I installed both front and rear OEM shafts about 2 weeks ago. It has some grease, but be careful NOT to fill the slip joint full. There should be room for the joint to compress, if not, you'll crack/damage the transfercase housing. After adding grease to slip joint, remove the filler nipple with a 8mm and bump the rear of the cruiser several times. Again, keep in mind, if you hit a ditch at speed, the slip joint will press more than what you get at bumping the rear of the LC. May be it's good to drive with the nipple removed and hit few bumps at speed and then install the nipple.

On a side note: the play at the slip joint in the front and on the OEM New Unit are identical. rear had VERY faint play and again, hard to feel when compared with the OEM new slip joint. I had a bit worn rear most U-joint in the rear, rest were good, but after installing OEM shafts, the ride is quite smooth now.
 
@nissanh - Grease gets past the slip joint seal easily when new and if continually maintained. I dropped in a new rear driveshaft 90k miles ago and continue to fill the slip joint with grease every 10k miles until it oozes past the seal with a thinner molly grease. I know the manner in which the rear slip joint is greased is debated a lot here on mud, so I am just stating how I have done it with success and no damage to the t-case.
 
Out of curiosity, what symptoms justified a full driveshaft(s) replacement, and did it resolve the issue(s)?
 
Out of curiosity, what symptoms justified a full driveshaft(s) replacement, and did it resolve the issue(s)?
Vibration is the main reason why we replace U-joints. A new U joint will eliminate the vibration. Then you want to make it perfect so the next wear item is the slip joint, and this is not replacable so a new Drive shaft.
 
Vibration is the main reason why we replace U-joints. A new U joint will eliminate the vibration. Then you want to make it perfect so the next wear item is the slip joint, and this is not replacable so a new Drive shaft.
I’m chasing a rather severe 65-75mph vibration on our ~250k mile 99 LX470 is why I asked. Below 65, or above 75 it’s fine.
 
I’m chasing a rather severe 65-75mph vibration on our ~250k mile 99 LX470 is why I asked. Below 65, or above 75 it’s fine.

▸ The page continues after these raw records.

lemma hausdorff_dist_self: "A \<noteq> {} \<Longrightarrow> hausdorff_dist A A = 0"
  by (simp add: hausdorff_dist_def cong: SUP_cong)

lemma hausdorff_limit_mem:
  fixes S :: "nat \<Rightarrow> 'a::metric_space set"
  assumes "closed D" and "D \<noteq> {}" and "\<And>m. compact (S m)"
    and "(\<lambda>m. hausdorff_dist (S m) D) \<longlonglongrightarrow> 0"
    and "\<And>m. x m \<in> S m" and "x \<longlonglongrightarrow> X"
  shows "X \<in> D"
proof -
  have "(\<lambda>m. infdist (x m) D) \<longlonglongrightarrow> infdist X D"
    using assms(6) by (rule tendsto_infdist)
  moreover have "infdist (x m) D \<le> hausdorff_dist (S m) D" for m
    using infdist_le_hausdorff_dist_left[OF assms(3,5)] .
  ultimately have "infdist X D \<le> 0"
    using assms(4) by (intro LIMSEQ_le) auto
  then have "infdist X D = 0"
    using infdist_nonneg[of X D] by linarith
  then show ?thesis
    using in_closed_iff_infdist_zero[OF assms(1,2)] by blast
qed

Imbalance properller shaft can cause a vibration that can felt over the body of the vehicle. For example, you'll feel seats are vibration etc. My 3rd gen 4runner has the same vibration and after replacing a worn U joint with an oem U joint, vibration went away. Yes, I experienced it around 60 to 70 MPH. If installing U joints, stay with OEM. The GMB brand is junk!
 
@nissanh - Grease gets past the slip joint seal easily when new and if continually maintained. I dropped in a new rear driveshaft 90k miles ago and continue to fill the slip joint with grease every 10k miles until it oozes past the seal with a thinner molly grease. I know the manner in which the rear slip joint is greased is debated a lot here on mud, so I am just stating how I have done it with success and no damage to the t-case.
The key words I want to highlight are "when the seal is new" and "thinner molly grease" if neither is met, the damage is significant.